Поворот ее тела, наклон головы, положение рук и книжки на коленях, легкое напряжение в спине, когда она слышит эти мысли в моем Шуме…
Я могу это прочесть.
Я читаю ее.
Виола думает о своих родителях, которые летели сюда с теми же надеждами, что у моей матери. И еще она гадает: неужели надежда в конце нашей дороги тоже не сбудется, как не сбылись надежды моей мамы? А потом Виола вкладывает прочитанные слова в уста собственных родителей — они говорят ей, что любят, скучают и хотят открыть ей все чудеса мира. И еще Виола берет песню моей мамы и сплетает ее со своими чувствами, такшто в итоге она становится ее собственной.
И ей больно от этого. Это правильная боль, хорошая, но всетаки боль, пусть хорошая, но боль.
Ей больно.
Я знаю.
Знаю наверняка.
Потомушто я могу читать ее мысли.
Я могу читать Виолин Шум, хотя его у нее нет.
Теперь я знаю, кто она.
Я знаю Виолу Ид.
Я хватаюсь за голову, чтобы все это переварить.
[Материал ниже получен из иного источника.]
lemma pabs_add_le_max:
  assumes p: "prime p"
  shows "pabs p (x + y) \<le> max (pabs p x) (pabs p y)"
proof (cases "x = 0 \<or> y = 0 \<or> x + y = 0")
  case True
  then show ?thesis using pabs_nonneg[of p x] pabs_nonneg[of p y] by (auto simp: le_max_iff_disj)
next
  case False
  obtain a b where ab: "b > 0" "x = of_int a / of_int b" by (rule rat_as_int_fraction)
  obtain c d where cd: "d > 0" "y = of_int c / of_int d" by (rule rat_as_int_fraction)
  have x: "x = of_int (a * d) / of_int (b * d)" and y: "y = of_int (c * b) / of_int (b * d)"
    using ab cd by simp_all
  have xy: "x + y = of_int (a * d + c * b) / of_int (b * d)"
    using ab cd by (simp add: field_simps)
  have s: "a * d + c * b \<noteq> 0"
  proof
    assume "a * d + c * b = 0"
    then have "(of_int (a * d + c * b) :: rat) = 0" by simp
    then show False using False xy by simp
  qed
  have nz: "a * d \<noteq> 0" "c * b \<noteq> 0" "b * d \<noteq> 0"
    using False ab cd by auto
  let ?v = "\<lambda>z. real (multiplicity (int p) z)"
  have nu: "\<not> is_unit (int p)" using p prime_elem_not_unit[of "int p"] by simp
  have "int p ^ min (multiplicity (int p) (a * d)) (multiplicity (int p) (c * b)) dvd a * d + c * b"
    by (intro dvd_add multiplicity_dvd') auto
  then have "min (multiplicity (int p) (a * d)) (multiplicity (int p) (c * b)) \<le>
      multiplicity (int p) (a * d + c * b)"
    by (rule multiplicity_geI[OF s nu])
  then have "?v (b * d) - ?v (a * d + c * b) \<le> max (?v (b * d) - ?v (a * d)) (?v (b * d) - ?v (c * b))"
    by linarith
  then have "real p powr (?v (b * d) - ?v (a * d + c * b)) \<le>
      real p powr (max (?v (b * d) - ?v (a * d)) (?v (b * d) - ?v (c * b)))"
    using prime_gt_1_nat[OF p] by (intro powr_mono) auto
  also have "\<dots> = max (real p powr (?v (b * d) - ?v (a * d))) (real p powr (?v (b * d) - ?v (c * b)))"
    using prime_gt_1_nat[OF p] by (simp add: max_def)
  finally show ?thesis
    using pabs_of_int_divide[OF p s nz(3)] pabs_of_int_divide[OF p nz(1,3)]
      pabs_of_int_divide[OF p nz(2,3)] xy x y
    by simp
qed

lemma pabs_triangle: "prime p \<Longrightarrow> pabs p (x + y) \<le> pabs p x + pabs p y"
  using pabs_add_le_max[of p x y] pabs_nonneg[of p] by (smt (verit))

lemma pabs_add_less: "prime p \<Longrightarrow> pabs p x < e \<Longrightarrow> pabs p y < e \<Longrightarrow> pabs p (x + y) < e"
  using pabs_add_le_max[of p x y] by simp
lemma jhat_wedge_comb_qj:
  "jhat (wedge_comb p12 p13 p14 p23 p24 p34 a b (qj a) (qj b))
   = wedge_comb (cnj p34) (cnj p13) (cnj p23) (cnj p14) (cnj p24) (cnj p12) a b (qj a) (qj b)"
  unfolding wedge_comb_def by (simp add: vec6_eq_iff wedge_component algebra_simps)

lemma wedge_qj_comb2:
  "wedge (x *s a + y *s b) (qj (x *s a + y *s b))
   = wedge_comb 0 (x * cnj x) (x * cnj y) (y * cnj x) (y * cnj y) 0 a b (qj a) (qj b)"
  unfolding wedge_comb_def by (simp add: vec6_eq_iff wedge_component algebra_simps)

lemma rank_one_conj_symmetric:
  fixes p q r s C :: complex
  assumes "cnj p = C * p" "cnj r = C * q" "cnj q = C * r" "cnj s = C * s"
    and "p * s = q * r" and "\<not> (p = 0 \<and> q = 0 \<and> r = 0 \<and> s = 0)"
  obtains x y l where "l \<noteq> 0" "p = l * (x * cnj x)" "q = l * (x * cnj y)" "r = l * (y * cnj x)"
    "s = l * (y * cnj y)"
proof (cases "p = 0")
  case False
  then have "C \<noteq> 0" using assms(1) by auto
  have "q = p * cnj (r / p)"
    using False \<open>C \<noteq> 0\<close> assms(1,2) by (simp add: field_simps)
  moreover have "s = p * ((r / p) * cnj (r / p))"
    using False \<open>C \<noteq> 0\<close> assms(1,2,5) by (simp add: field_simps)
  ultimately show thesis
    using that[of p 1 "r / p"] False by simp
next
  case True
  then have "q = 0" "r = 0"
    using assms(2,3,5) by auto
  then show thesis
    using that[of s 0 1] True assms(6) by simp
qed

lemma cline_scale:
  assumes "c \<noteq> 0"
  shows "cline (c *s a) = cline a"
  unfolding cline_def
proof (intro set_eqI iffI)
  fix x assume "x \<in> {d *s (c *s a) | d. True}"
  then show "x \<in> {d *s a | d. True}"
    by (auto simp: vector_smult_assoc)
next
  fix x assume "x \<in> {d *s a | d. True}"
  then obtain d where "x = d *s a" by blast
  then have "x = (d / c) *s (c *s a)"
    using assms by (simp add: vector_smult_assoc)
  then show "x \<in> {d *s (c *s a) | d. True}" by blast
qed

lemma jP_cline: "jP (cline a) = cline (jhat a)"
  unfolding jP_def cline_def
proof (intro set_eqI iffI)
  fix x assume "x \<in> jhat ` {d *s a | d. True}"
  then show "x \<in> {d *s jhat a | d. True}"
    by (auto simp: jhat_scale)
next
  fix x assume "x \<in> {d *s jhat a | d. True}"
  then obtain d where "x = jhat (cnj d *s a)"
    by (auto simp: jhat_scale)
  then show "x \<in> jhat ` {d *s a | d. True}" by blast
qed

lemma jP_jP: "jP (jP P) = P"
  by (simp add: jP_def image_image jhat_jhat)

section \<open>Quaternionic complex structures\<close>

lemma subspace_eigenspace: "vec.subspace {v. (T::'a::field^'n^'n) *v v = c *s v}"
  by (auto simp: vec.subspace_def matrix_vector_right_distrib vector_scalar_commute
      vector_add_ldistrib vector_smult_assoc mult.commute)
— Виола, — шепчу я дрожащим голосом.
— Знаю… — тихо говорит она, крепко обхватывая себя руками, все еще не глядя на меня.
И я смотрю, как она сидит на берегу реки и глядит на воду, и мы вместе ждем восхода сонца — зная друг друга.
Мы оба теперь знаем друг друга.
Сонце ползет вверх по небу, а рев становится просто и оглушительным: река стремительно несет свои воды к концу долины, бурля и брыжжа пеной на порогах.
Виола нарушает повисшую между нами зачарованную тишину.